This study describes a conceptual framework that portrays information system project
failures as organizational crises. The main assumption of this study is that such failures
will invariably happen and thus there is a need to make them less costly and more
beneficial to organizations. To identify the behaviors and factors that influence an
organization's ability to effectively manage a project failure, this dissertation reviews the
crisis management literature. Based on this review, a three-stage model is formulated. To
understand the mechanisms underlying this model, a number of hypotheses (which are
informed by a number of related organizational behavior areas) are generated. These
hypotheses focus on three key crisis management factors: the organization's ability to
promptly detect an impeding failure, its capacity to manage the failure's impacts, and its
propensity to learn from it. To empirically assess the validity of the conceptual model,
three case studies of Canadian public organizations were conducted. The empirical
findings provide strong support to the model's conjectures and indicate that project failures
generate several crisis-related behaviors and responses. More specifically, the findings
suggest that an organization's proactive preparation for a failure can have a significant
moderating effect on its impact. However, the findings clearly show that an organization's
ability to promptly detect (and prepare for) a failure is impeded by behaviors that are
motivated by escalation of commitment. Such behaviors lead to a prolonged pre-crisis
denial period and have a suppressing effect on whistle-blowing, which is pursued as a
denial-curtailing strategy by non-management participants. The empirical findings
describe both operational and legitimacy tactics used by organizations to cope with the
aftermath of a project failure and indicate that credibility restoration is a significant
concern during large crises.
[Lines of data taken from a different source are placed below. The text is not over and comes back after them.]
lemma abel_fun_eq_nn_integral_abel_kernel:
  "abel_fun \<mu> u = (\<integral>\<^sup>+ s. abel_kernel (s - u) \<partial>\<mu>)"
  unfolding abel_fun_def abel_kernel_def by (intro nn_integral_cong) (auto simp: indicator_def)

lemma abel_kernel_product_rescaled:
  fixes L y :: real
  assumes "0 < L" "0 < y" "y < 1"
  shows "L * (1 / sqrt (pi * (L * y)) * (1 / sqrt (pi * (L * (1 - y)))))
       = 1 / pi * (y powr (-1/2) * (1 - y) powr (-1/2))"
proof -
  have "y powr (-1/2) = 1 / sqrt y" "(1 - y) powr (-1/2) = 1 / sqrt (1 - y)"
    using assms by (simp_all add: powr_minus_divide powr_half_sqrt)
  moreover have "sqrt pi * sqrt pi = pi" "sqrt L * sqrt L = L"
    using assms by auto
  ultimately show ?thesis
    using assms by (simp add: real_sqrt_mult divide_simps mult_ac)
qed

text \<open>Rescaling \<open>x = a + (t - a) y\<close> turns this into the Beta integral \<open>B(1/2, 1/2) = \<pi>\<close>.\<close>
lemma nn_integral_abel_kernel_convolution:
  assumes "a < t"
  shows "(\<integral>\<^sup>+ x. abel_kernel (x - a) * abel_kernel (t - x) \<partial>lborel) = 1"
proof -
  define L where "L = t - a"
  have L: "0 < L" using assms by (simp add: L_def)
  have beta: "((\<lambda>y. 1 / pi * (y powr (-1/2) * (1 - y) powr (-1/2))) has_integral 1 / pi * pi) {0..1}"
    using has_integral_Beta_real[of "1/2" "1/2"]
    by (intro has_integral_mult_right) (simp add: Beta_def Gamma_one_half_real)
  have "(\<integral>\<^sup>+ x. abel_kernel (x - a) * abel_kernel (t - x) \<partial>lborel)
      = ennreal L * (\<integral>\<^sup>+ y. abel_kernel (L * y) * abel_kernel (L * (1 - y)) \<partial>lborel)"
    using nn_integral_real_affine[of "\<lambda>x. abel_kernel (x - a) * abel_kernel (t - x)" L a] L
    by (simp add: L_def algebra_simps)
  also have "\<dots> = (\<integral>\<^sup>+ y. ennreal L * (abel_kernel (L * y) * abel_kernel (L * (1 - y))) \<partial>lborel)"
    by (rule nn_integral_cmult[symmetric]) measurable
  also have "\<dots> = (\<integral>\<^sup>+ y. ennreal (indicator {0..1} y * (1 / pi * (y powr (-1/2) * (1 - y) powr (-1/2)))) \<partial>lborel)"
  proof (intro nn_integral_cong)
    fix y :: real
    show "ennreal L * (abel_kernel (L * y) * abel_kernel (L * (1 - y)))
        = ennreal (indicator {0..1} y * (1 / pi * (y powr (-1/2) * (1 - y) powr (-1/2))))"
      using L abel_kernel_product_rescaled[OF L, of y]
      by (cases "0 < y \<and> y < 1")
         (auto simp: abel_kernel_def indicator_def ennreal_mult'[symmetric] zero_less_mult_iff not_less)
  qed
  also have "\<dots> = 1"
    using nn_integral_has_integral_lebesgue[OF _ beta] by simp
  finally show ?thesis .
qed
definition subring :: "'a::ring_1 set \<Rightarrow> bool" where
  "subring R \<longleftrightarrow> 1 \<in> R \<and> (\<forall>x\<in>R. \<forall>y\<in>R. x + y \<in> R \<and> x - y \<in> R \<and> x * y \<in> R)"

definition maximal_subring :: "'a::ring_1 set \<Rightarrow> bool" where
  "maximal_subring R \<longleftrightarrow> subring R \<and> R \<noteq> UNIV \<and>
     (\<forall>S. subring S \<and> R \<subseteq> S \<and> S \<noteq> UNIV \<longrightarrow> S = R)"

definition units_of_sub :: "'a::ring_1 set \<Rightarrow> 'a set" where
  "units_of_sub R = {x \<in> R. \<exists>y\<in>R. x * y = 1 \<and> y * x = 1}"

definition normalizer_set :: "'a::ring_1 set \<Rightarrow> 'a set" where
  "normalizer_set R = {x. (\<lambda>r. x * r) ` R = (\<lambda>r. r * x) ` R}"

definition sub_division_ring :: "'a::division_ring set \<Rightarrow> bool" where
  "sub_division_ring R \<longleftrightarrow> subring R \<and> (\<forall>x\<in>R. x \<noteq> 0 \<longrightarrow> inverse x \<in> R)"

definition left_basis :: "'a::ring_1 set \<Rightarrow> 'a set \<Rightarrow> bool" where
  "left_basis R B \<longleftrightarrow>
     (\<forall>F c. finite F \<and> F \<subseteq> B \<and> (\<forall>b\<in>F. c b \<in> R) \<and> (\<Sum>b\<in>F. c b * b) = 0
            \<longrightarrow> (\<forall>b\<in>F. c b = 0)) \<and>
     (\<forall>d. \<exists>F c. finite F \<and> F \<subseteq> B \<and> (\<forall>b\<in>F. c b \<in> R) \<and> d = (\<Sum>b\<in>F. c b * b))"

definition right_basis :: "'a::ring_1 set \<Rightarrow> 'a set \<Rightarrow> bool" where
  "right_basis R B \<longleftrightarrow>
     (\<forall>F c. finite F \<and> F \<subseteq> B \<and> (\<forall>b\<in>F. c b \<in> R) \<and> (\<Sum>b\<in>F. b * c b) = 0
            \<longrightarrow> (\<forall>b\<in>F. c b = 0)) \<and>
     (\<forall>d. \<exists>F c. finite F \<and> F \<subseteq> B \<and> (\<forall>b\<in>F. c b \<in> R) \<and> d = (\<Sum>b\<in>F. b * c b))"

definition sub_ideal :: "'a::ring_1 set \<Rightarrow> 'a set \<Rightarrow> bool" where
  "sub_ideal R P \<longleftrightarrow> P \<subseteq> R \<and> 0 \<in> P \<and> (\<forall>x\<in>P. \<forall>y\<in>P. x + y \<in> P \<and> - x \<in> P) \<and>
     (\<forall>r\<in>R. \<forall>x\<in>P. r * x \<in> P \<and> x * r \<in> P)"

definition sub_prime_ideal :: "'a::ring_1 set \<Rightarrow> 'a set \<Rightarrow> bool" where
  "sub_prime_ideal R P \<longleftrightarrow> sub_ideal R P \<and> P \<noteq> R \<and>
     (\<forall>a\<in>R. \<forall>b\<in>R. (\<forall>r\<in>R. a * r * b \<in> P) \<longrightarrow> a \<in> P \<or> b \<in> P)"

definition G_domain :: "'a::ring_1 set \<Rightarrow> bool" where
  "G_domain R \<longleftrightarrow> (\<exists>x\<in>R. x \<noteq> 0 \<and> (\<forall>P. sub_prime_ideal R P \<and> P \<noteq> {0} \<longrightarrow> x \<in> P))"

(* R (a subring of the division ring D, hence a domain) is a left and right Ore
   domain whose division ring of (left and right) quotients is D *)
definition Ore_with_quotient_ring :: "'a::division_ring set \<Rightarrow> bool" where
  "Ore_with_quotient_ring R \<longleftrightarrow>
     (\<forall>d. \<exists>a\<in>R. \<exists>b\<in>R. b \<noteq> 0 \<and> d = a * inverse b) \<and>
     (\<forall>d. \<exists>a\<in>R. \<exists>b\<in>R. b \<noteq> 0 \<and> d = inverse b * a)"

end

(* Let x \<noteq> 0 normalize R without being a unit of R. For z normalizing R, the left
   R-combinations of powers of z form a subring, so z \<notin> R forces D = R[z] by maximality.
   If x or x^-1 lies in R, call it a: then D = R[a^-1], so every element of D is a left and a
   right fraction whose denominator is a power of a, and every nonzero prime ideal contains such
   a power (clear the denominator of p^-1), hence contains a.
   If neither x nor x^-1 lies in R, then D = R[x] = R[x^-1], and playing the two expansions of 1
   against each other shows that R is simple. So if n is minimal with x^n a left combination of
   lower powers, then 1, x, ..., x^(n-1) satisfy no nontrivial relation (its leading coefficients
   would form a nonzero ideal): they are a left basis of D, also a right basis as x^j R = R x^j,
   and comparing coefficients in r r^-1 = 1 shows that R is a division ring. *)

theory Submission
  imports Defs
begin

section \<open>Left and right polynomials in an element\<close>

inductive_set lpolys :: "'a::ring_1 set \<Rightarrow> 'a \<Rightarrow> nat \<Rightarrow> 'a set" for A z m where
  zero: "0 \<in> lpolys A z m"
| monom: "d \<in> A \<Longrightarrow> j < m \<Longrightarrow> d * z ^ j \<in> lpolys A z m"
| add: "s \<in> lpolys A z m \<Longrightarrow> t \<in> lpolys A z m \<Longrightarrow> s + t \<in> lpolys A z m"

inductive_set rpolys :: "'a::ring_1 set \<Rightarrow> 'a \<Rightarrow> nat \<Rightarrow> 'a set" for A z m where
  zero: "0 \<in> rpolys A z m"
| monom: "d \<in> A \<Longrightarrow> j < m \<Longrightarrow> z ^ j * d \<in> rpolys A z m"
| add: "s \<in> rpolys A z m \<Longrightarrow> t \<in> rpolys A z m \<Longrightarrow> s + t \<in> rpolys A z m"

lemma lpolys_0: "s \<in> lpolys A z 0 \<Longrightarrow> s = 0"
  by (induction rule: lpolys.induct) auto

lemma rpolys_0: "s \<in> rpolys A z 0 \<Longrightarrow> s = 0"
  by (induction rule: rpolys.induct) auto

lemma lpolys_mono: "s \<in> lpolys A z m \<Longrightarrow> A \<subseteq> B \<Longrightarrow> m \<le> k \<Longrightarrow> s \<in> lpolys B z k"
  by (induction rule: lpolys.induct) (auto intro: lpolys.intros)

lemma rpolys_mono: "s \<in> rpolys A z m \<Longrightarrow> A \<subseteq> B \<Longrightarrow> m \<le> k \<Longrightarrow> s \<in> rpolys B z k"
  by (induction rule: rpolys.induct) (auto intro: rpolys.intros)

lemma lpolys_uminus: "s \<in> lpolys A z m \<Longrightarrow> (\<And>a. a \<in> A \<Longrightarrow> - a \<in> A) \<Longrightarrow> - s \<in> lpolys A z m"
proof (induction rule: lpolys.induct)
  case (monom d j)
  then show ?case using lpolys.monom[of "- d" A j m z] by simp
next
  case (add s t)
  then show ?case using lpolys.add[of "- s" A z m "- t"] by (simp add: add.commute)
qed (auto intro: lpolys.intros)

lemma lpolys_mult_left:
  "s \<in> lpolys A z m \<Longrightarrow> (\<And>a. a \<in> A \<Longrightarrow> r * a \<in> B) \<Longrightarrow> r * s \<in> lpolys B z m"
  by (induction rule: lpolys.induct)
    (auto intro: lpolys.intros simp: distrib_left mult.assoc[symmetric])

lemma rpolys_mult_right:
  "s \<in> rpolys A z m \<Longrightarrow> (\<And>a. a \<in> A \<Longrightarrow> a * r \<in> B) \<Longrightarrow> s * r \<in> rpolys B z m"
  by (induction rule: rpolys.induct) (auto intro: rpolys.intros simp: distrib_right mult.assoc)

lemma lpolys_mult_power: "s \<in> lpolys A z m \<Longrightarrow> s * z ^ k \<in> lpolys A z (m + k)"
proof (induction rule: lpolys.induct)
  case (monom d j)
  then show ?case using lpolys.monom[of d A "j + k" "m + k" z] by (simp add: power_add mult.assoc)
qed (auto intro: lpolys.intros simp: distrib_right)

context
  fixes A :: "'a::ring_1 set"
  assumes zero_mem: "0 \<in> A" and add_mem: "\<And>a b. a \<in> A \<Longrightarrow> b \<in> A \<Longrightarrow> a + b \<in> A"
begin

lemma lpolys_SucE:
  assumes "s \<in> lpolys A z (Suc m)"
  obtains t d where "t \<in> lpolys A z m" "d \<in> A" "s = t + d * z ^ m"
proof -
  from assms have "\<exists>t\<in>lpolys A z m. \<exists>d\<in>A. s = t + d * z ^ m"
  proof (induction rule: lpolys.induct)
    case zero
    show ?case using lpolys.zero zero_mem by force
  next
    case (monom d j)
    then consider "j < m" | "j = m" by linarith
    then show ?case
    proof cases
      case 1
      then show ?thesis using monom zero_mem lpolys.monom[of d A j m z] by force
    next
      case 2
      then show ?thesis using monom lpolys.zero by force
    qed
  next
    case (add s t)
    then obtain s' d t' e where "s' \<in> lpolys A z m" "d \<in> A" "s = s' + d * z ^ m"
      "t' \<in> lpolys A z m" "e \<in> A" "t = t' + e * z ^ m" by blast
    then show ?case
      by (intro bexI[of _ "s' + t'"] bexI[of _ "d + e"])
        (auto intro: lpolys.add add_mem simp: algebra_simps)
  qed
  then show thesis using that by blast
qed

lemma rpolys_SucE:
  assumes "s \<in> rpolys A z (Suc m)"
  obtains t d where "t \<in> rpolys A z m" "d \<in> A" "s = t + z ^ m * d"
proof -
  from assms have "\<exists>t\<in>rpolys A z m. \<exists>d\<in>A. s = t + z ^ m * d"
  proof (induction rule: rpolys.induct)
    case zero
    show ?case using rpolys.zero zero_mem by force
  next
    case (monom d j)
    then consider "j < m" | "j = m" by linarith
    then show ?case
    proof cases
      case 1
      then show ?thesis using monom zero_mem rpolys.monom[of d A j m z] by force
    next
      case 2
      then show ?thesis using monom rpolys.zero by force
    qed
  next
    case (add s t)
    then obtain s' d t' e where "s' \<in> rpolys A z m" "d \<in> A" "s = s' + z ^ m * d"
      "t' \<in> rpolys A z m" "e \<in> A" "t = t' + z ^ m * e" by blast
    then show ?case
      by (intro bexI[of _ "s' + t'"] bexI[of _ "d + e"])
        (auto intro: rpolys.add add_mem simp: algebra_simps)
  qed
  then show thesis using that by blast
qed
Finally, the empirical evidence indicates that organizational
learning and adaptation are more likely to follow major project failures than less
significant ones. This contradicts threat-rigidity arguments and provides support to the
failure-induced learning theory. / Business, Sauder School of / Graduate

Identiferoai:union.ndltd.org:UBC/oai:circle.library.ubc.ca:2429/9886
Date05 1900
CreatorsIacovou, Charalambos L.
Source SetsUniversity of British Columbia
LanguageEnglish
Detected LanguageEnglish
TypeText, Thesis/Dissertation
Format16872237 bytes, application/pdf
RightsFor non-commercial purposes only, such as research, private study and education. Additional conditions apply, see Terms of Use https://open.library.ubc.ca/terms_of_use.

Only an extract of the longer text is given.